(* For every integer $c\ge1$ there exists $\epsilon(c)>0$ with the following property. Let $\{U_\alpha\}_{\alpha\in\mathcal A}$ be a family of open subsets of $\mathbb R^c$ covering $[0,1]^c$ with $\mathrm{diam}(U_\alpha)<\epsilon(c)$ for all $\alpha$, and let $f:[0,1]^c\to\mathbb R^c$ be continuous. Suppose that for every $x\in[0,1]^c$ there is a subset $\mathcal I\subset\mathcal A$ such that $x\in U_\alpha$ for all $\alpha\in\mathcal I$ and $\bigcap_{\alpha\in\mathcal I}f(\partial U_\alpha\cap[0,1]^c)=\emptyset$. Then $f$ has a stable value.
   Context: For a continuous map $f:X\to Z$ between metric spaces, $z\in Z$ is a stable value if there is $\epsilon>0$ such that $z\in g(X)$ for every continuous $g:X\to Z$ with $\sup_x d(f(x),g(x))<\epsilon$. *)

theory Defs
  imports "HOL-Analysis.Analysis"
begin

definition stable_value :: "'a::metric_space set \<Rightarrow> ('a \<Rightarrow> 'b::metric_space) \<Rightarrow> 'b \<Rightarrow> bool" where
  "stable_value X f z \<longleftrightarrow>
     (\<exists>e>0. \<forall>g. continuous_on X g \<and> bdd_above ((\<lambda>x. dist (f x) (g x)) ` X)
                  \<and> (SUP x\<in>X. dist (f x) (g x)) < e \<longrightarrow> z \<in> g ` X)"

end

theory Submission
  imports Defs
begin

text \<open>If \<open>f\<close> has no stable value, it can be perturbed by less than any given amount into a map \<open>F\<close>
  with negligible image: first avoid the finitely many centres of a fine cubical grid that lie near
  \<open>f(K)\<close> (each value can be avoided, and well separated values simultaneously), then project
  radially from the centres onto the grid hyperplanes. A Lebesgue-number argument puts every \<open>x\<close> in
  some \<open>U \<in> \<U>\<close> whose frontier \<open>F\<close> maps uniformly far from a given value \<open>y\<close>, so the component
  through \<open>x\<close> of \<open>{x'. F x'\<close> near \<open>y}\<close> stays inside \<open>U\<close>. Choosing one point per component and
  averaging over a partition of unity on \<open>F(K)\<close> yields a map \<open>h\<close> within \<open>1/4\<close> of the identity whose
  image lies in finitely many Lipschitz images of \<open>F(K)\<close>; so \<open>h(K)\<close> is negligible, whereas by
  Brouwer's theorem it contains a ball.\<close>

section \<open>Lipschitz maps and negligible images\<close>

lemma lipschitz_on_sum:
  fixes f :: "'i \<Rightarrow> 'a::metric_space \<Rightarrow> 'b::real_normed_vector"
  assumes "\<And>i. i \<in> I \<Longrightarrow> (C i)-lipschitz_on U (f i)"
  shows "(\<Sum>i\<in>I. C i)-lipschitz_on U (\<lambda>x. \<Sum>i\<in>I. f i x)"
  using assms
proof (induction I rule: infinite_finite_induct)
  case (insert i I)
  then show ?case by (simp add: lipschitz_on_add)
qed (simp_all add: lipschitz_on_constant)

lemma lipschitz_on_scaleR_const:
  fixes g :: "'a::metric_space \<Rightarrow> real"
  assumes "C-lipschitz_on U g"
  shows "(C * norm a)-lipschitz_on U (\<lambda>x. g x *\<^sub>R a)"
proof (rule lipschitz_onI)
  fix x y assume "x \<in> U" "y \<in> U"
  then have "\<bar>g x - g y\<bar> * norm a \<le> C * dist x y * norm a"
    using lipschitz_onD[OF assms] by (intro mult_right_mono) (auto simp: dist_real_def)
  then show "dist (g x *\<^sub>R a) (g y *\<^sub>R a) \<le> C * norm a * dist x y"
    by (simp add: dist_norm flip: scaleR_diff_left) (simp add: mult_ac)
qed (use lipschitz_on_nonneg[OF assms] in simp)

lemma lipschitz_on_inverse_scaleR:
  fixes N :: "'a::metric_space \<Rightarrow> 'b::real_normed_vector" and D :: "'a \<Rightarrow> real"
  assumes N: "A-lipschitz_on S N" and D: "B-lipschitz_on S D" and d: "d > 0"
    and bounds: "\<And>v. v \<in> S \<Longrightarrow> d \<le> D v \<and> D v \<le> M \<and> norm (N v) \<le> M'"
    and "0 \<le> M" "0 \<le> M'"
  shows "((M * A + B * M') / d\<^sup>2)-lipschitz_on S (\<lambda>v. (1 / D v) *\<^sub>R N v)"
proof (rule lipschitz_onI)
  have "0 \<le> A" "0 \<le> B" using N D by (simp_all add: lipschitz_on_nonneg)
  with \<open>0 \<le> M\<close> \<open>0 \<le> M'\<close> show "0 \<le> (M * A + B * M') / d\<^sup>2" by simp
  fix u v assume u: "u \<in> S" and v: "v \<in> S"
  have Du: "d \<le> D u" and Dv: "d \<le> D v" "D v \<le> M" and Nv: "norm (N v) \<le> M'"
    using bounds u v by auto
  have "(1 / D u) *\<^sub>R N u - (1 / D v) *\<^sub>R N v
        = (1 / (D u * D v)) *\<^sub>R (D v *\<^sub>R (N u - N v) + (D v - D u) *\<^sub>R N v)"
    using Du Dv d by (simp add: algebra_simps)
  then have "dist ((1 / D u) *\<^sub>R N u) ((1 / D v) *\<^sub>R N v)
        = (1 / (D u * D v)) * norm (D v *\<^sub>R (N u - N v) + (D v - D u) *\<^sub>R N v)"
    using Du Dv d by (simp add: dist_norm)
  also have "\<dots> \<le> (1 / d\<^sup>2) * ((M * A + B * M') * dist u v)"
  proof (rule mult_mono)
    show "1 / (D u * D v) \<le> 1 / d\<^sup>2"
      using Du Dv d by (simp add: power2_eq_square frac_le mult_mono)
    have "norm (D v *\<^sub>R (N u - N v) + (D v - D u) *\<^sub>R N v)
          \<le> D v * norm (N u - N v) + \<bar>D u - D v\<bar> * norm (N v)"
      using Dv d by (simp add: norm_triangle_le abs_minus_commute)
    also have "\<dots> \<le> M * (A * dist u v) + (B * dist u v) * M'"
      using lipschitz_on_normD lipschitz_onD[OF N u v] lipschitz_onD[OF D u v] Dv Nv d
      by (intro add_mono mult_mono) (auto simp: dist_norm dist_real_def)
    finally show "norm (D v *\<^sub>R (N u - N v) + (D v - D u) *\<^sub>R N v) \<le> (M * A + B * M') * dist u v"
      by (simp add: algebra_simps)
  qed (use Du d in auto)
  finally show "dist ((1 / D u) *\<^sub>R N u) ((1 / D v) *\<^sub>R N v) \<le> (M * A + B * M') / d\<^sup>2 * dist u v"
    by simp
qed

lemma norm_weighted_average_diff_le:
  fixes p :: "'b \<Rightarrow> 'a::real_normed_vector"
  assumes w: "\<And>y. y \<in> Y \<Longrightarrow> 0 \<le> w y" and W: "0 < (\<Sum>y\<in>Y. w y)"
    and close: "\<And>y. y \<in> Y \<Longrightarrow> 0 < w y \<Longrightarrow> norm (p y - x) \<le> \<delta>"
  shows "norm ((1 / (\<Sum>y\<in>Y. w y)) *\<^sub>R (\<Sum>y\<in>Y. w y *\<^sub>R p y) - x) \<le> \<delta>"
proof -
  have "(1 / (\<Sum>y\<in>Y. w y)) *\<^sub>R (\<Sum>y\<in>Y. w y *\<^sub>R p y) - x
      = (1 / (\<Sum>y\<in>Y. w y)) *\<^sub>R (\<Sum>y\<in>Y. w y *\<^sub>R (p y - x))"
    using W by (simp add: scaleR_diff_right sum_subtractf flip: scaleR_sum_left)
  moreover have "norm (\<Sum>y\<in>Y. w y *\<^sub>R (p y - x)) \<le> (\<Sum>y\<in>Y. w y) * \<delta>"
  proof -
    have "norm (\<Sum>y\<in>Y. w y *\<^sub>R (p y - x)) \<le> (\<Sum>y\<in>Y. w y * norm (p y - x))"
      using norm_sum[of "\<lambda>y. w y *\<^sub>R (p y - x)" Y] w by simp
    also have "\<dots> \<le> (\<Sum>y\<in>Y. w y * \<delta>)"
    proof (rule sum_mono)
      fix y assume y: "y \<in> Y"
      show "w y * norm (p y - x) \<le> w y * \<delta>"
      proof (cases "w y = 0")
        case False
        with w[OF y] have "0 < w y" by simp
        with close[OF y] show ?thesis by (simp add: mult_left_mono)
      qed simp
    qed
    finally show ?thesis by (simp add: sum_distrib_right)
  qed
  ultimately show ?thesis using W by (simp add: field_simps)
qed

lemma negligible_weighted_average_image:
  fixes \<theta> :: "'b \<Rightarrow> 'a::euclidean_space \<Rightarrow> real" and p :: "'b \<Rightarrow> 'a"
  assumes T: "negligible T" and Y: "finite Y" and d: "d > 0"
    and lip: "\<And>y. y \<in> Y \<Longrightarrow> 1-lipschitz_on T (\<theta> y)"
    and bound: "\<And>y v. y \<in> Y \<Longrightarrow> v \<in> T \<Longrightarrow> \<bar>\<theta> y v\<bar> \<le> b"
    and pos: "\<And>v. v \<in> T \<Longrightarrow> d \<le> (\<Sum>y\<in>Y. \<theta> y v)"
  shows "negligible ((\<lambda>v. (1 / (\<Sum>y\<in>Y. \<theta> y v)) *\<^sub>R (\<Sum>y\<in>Y. \<theta> y v *\<^sub>R p y)) ` T)"
proof (cases "T = {}")
  case False
  then obtain v where v: "v \<in> T" by blast
  then have "Y \<noteq> {}" using pos d by fastforce
  then obtain y where "y \<in> Y" by blast
  then have b: "0 \<le> b" using bound[of y v] v by linarith
  have N: "(\<Sum>y\<in>Y. 1 * norm (p y))-lipschitz_on T (\<lambda>v. \<Sum>y\<in>Y. \<theta> y v *\<^sub>R p y)"
    by (intro lipschitz_on_sum lipschitz_on_scaleR_const lip)
  have D: "(\<Sum>y\<in>Y. 1)-lipschitz_on T (\<lambda>v. \<Sum>y\<in>Y. \<theta> y v)"
    by (intro lipschitz_on_sum lip)
  have bounds: "d \<le> (\<Sum>y\<in>Y. \<theta> y v) \<and> (\<Sum>y\<in>Y. \<theta> y v) \<le> card Y * b
      \<and> norm (\<Sum>y\<in>Y. \<theta> y v *\<^sub>R p y) \<le> b * (\<Sum>y\<in>Y. norm (p y))" if "v \<in> T" for v
  proof (intro conjI)
    show "(\<Sum>y\<in>Y. \<theta> y v) \<le> card Y * b"
      using sum_bounded_above[of Y "\<lambda>y. \<theta> y v" b] bound that by fastforce
    have "norm (\<Sum>y\<in>Y. \<theta> y v *\<^sub>R p y) \<le> (\<Sum>y\<in>Y. \<bar>\<theta> y v\<bar> * norm (p y))"
      using norm_sum[of "\<lambda>y. \<theta> y v *\<^sub>R p y" Y] by simp
    also have "\<dots> \<le> (\<Sum>y\<in>Y. b * norm (p y))"
      using bound that by (intro sum_mono mult_right_mono) auto
    finally show "norm (\<Sum>y\<in>Y. \<theta> y v *\<^sub>R p y) \<le> b * (\<Sum>y\<in>Y. norm (p y))"
      by (simp add: sum_distrib_left)
  qed (use pos that in auto)
  have "0 \<le> card Y * b" "0 \<le> b * (\<Sum>y\<in>Y. norm (p y))"
    using b by (simp_all add: sum_nonneg)
  from lipschitz_on_inverse_scaleR[OF N D d bounds this] obtain L where L: "L-lipschitz_on T
      (\<lambda>v. (1 / (\<Sum>y\<in>Y. \<theta> y v)) *\<^sub>R (\<Sum>y\<in>Y. \<theta> y v *\<^sub>R p y))"
    by blast
  show ?thesis
    by (rule negligible_locally_Lipschitz_image[OF order_refl T])
      (use lipschitz_on_normD[OF L] in \<open>intro exI[of _ UNIV] exI[of _ L], auto\<close>)
qed simp

definition tent :: "real \<Rightarrow> 'a::metric_space \<Rightarrow> 'a \<Rightarrow> real" where
  "tent \<rho> y v = max 0 (\<rho> - dist v y)"

lemma tent_nonneg: "0 \<le> tent \<rho> y v"
  by (simp add: tent_def)

lemma tent_le: "0 \<le> \<rho> \<Longrightarrow> tent \<rho> y v \<le> \<rho>"
  by (simp add: tent_def)

lemma tent_pos_iff: "0 < tent \<rho> y v \<longleftrightarrow> dist v y < \<rho>"
  by (simp add: tent_def less_max_iff_disj)

lemma lipschitz_on_tent: "1-lipschitz_on T (tent \<rho> y)"
proof (rule lipschitz_onI)
  fix u v
  have "\<bar>dist u y - dist v y\<bar> \<le> dist u v" using abs_dist_diff_le[of u y v] by (simp add: dist_commute)
  then show "dist (tent \<rho> y u) (tent \<rho> y v) \<le> 1 * dist u v" by (simp add: tent_def dist_real_def)
qed simp

lemma continuous_on_tent: "continuous_on T (tent \<rho> y)"
  unfolding tent_def by (intro continuous_intros)

lemma tent_cover_of_compact:
  assumes T: "compact T" and \<rho>: "0 < \<rho>"
  obtains Y d where "finite Y" "Y \<subseteq> T" "0 < d" "\<And>v. v \<in> T \<Longrightarrow> d \<le> (\<Sum>y\<in>Y. tent \<rho> y v)"
proof -
  obtain Y where Y: "Y \<subseteq> T" "finite Y" "T \<subseteq> (\<Union>y\<in>Y. ball y \<rho>)"
    using compactE_image[OF T, of T "\<lambda>y. ball y \<rho>"] \<rho> by force
  have pos: "0 < (\<Sum>y\<in>Y. tent \<rho> y v)" if v: "v \<in> T" for v
  proof -
    have "v \<in> (\<Union>y\<in>Y. ball y \<rho>)" using Y(3) v by blast
    then obtain y where y: "y \<in> Y" "dist v y < \<rho>" by (auto simp: dist_commute)
    then have "0 < tent \<rho> y v" by (simp add: tent_pos_iff)
    also have "\<dots> \<le> (\<Sum>y\<in>Y. tent \<rho> y v)"
      using Y(2) y(1) tent_nonneg by (intro member_le_sum) auto
    finally show ?thesis .
  qed
  show ?thesis
  proof (cases "T = {}")
    case False
    have "continuous_on T (\<lambda>v. \<Sum>y\<in>Y. tent \<rho> y v)" by (intro continuous_on_sum continuous_on_tent)
    then obtain v0 where "v0 \<in> T" "\<And>v. v \<in> T \<Longrightarrow> (\<Sum>y\<in>Y. tent \<rho> y v0) \<le> (\<Sum>y\<in>Y. tent \<rho> y v)"
      using continuous_attains_inf[OF T False] by blast
    with pos Y(1,2) that show ?thesis by blast
  qed (use that[of Y 1] Y in auto)
qed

▶ **TASK OBJECTIVE**
Go through the data above from its first line and copy each line exactly, stopping once the line with "text \<open>If \<open>f\<close>" has been copied.

▶ **RESPONSE TO THE EXERCISE**
(* For every integer $c\ge1$ there exists $\epsilon(c)>0$ with the following property. Let $\{U_\alpha\}_{\alpha\in\mathcal A}$ be a family of open subsets of $\mathbb R^c$ covering $[0,1]^c$ with $\mathrm{diam}(U_\alpha)<\epsilon(c)$ for all $\alpha$, and let $f:[0,1]^c\to\mathbb R^c$ be continuous. Suppose that for every $x\in[0,1]^c$ there is a subset $\mathcal I\subset\mathcal A$ such that $x\in U_\alpha$ for all $\alpha\in\mathcal I$ and $\bigcap_{\alpha\in\mathcal I}f(\partial U_\alpha\cap[0,1]^c)=\emptyset$. Then $f$ has a stable value.
   Context: For a continuous map $f:X\to Z$ between metric spaces, $z\in Z$ is a stable value if there is $\epsilon>0$ such that $z\in g(X)$ for every continuous $g:X\to Z$ with $\sup_x d(f(x),g(x))<\epsilon$. *)

theory Defs
  imports "HOL-Analysis.Analysis"
begin

definition stable_value :: "'a::metric_space set \<Rightarrow> ('a \<Rightarrow> 'b::metric_space) \<Rightarrow> 'b \<Rightarrow> bool" where
  "stable_value X f z \<longleftrightarrow>
     (\<exists>e>0. \<forall>g. continuous_on X g \<and> bdd_above ((\<lambda>x. dist (f x) (g x)) ` X)
                  \<and> (SUP x\<in>X. dist (f x) (g x)) < e \<longrightarrow> z \<in> g ` X)"

end

theory Submission
  imports Defs
begin

text \<open>If \<open>f\<close> has no stable value, it can be perturbed by less than any given amount into a map \<open>F\<close>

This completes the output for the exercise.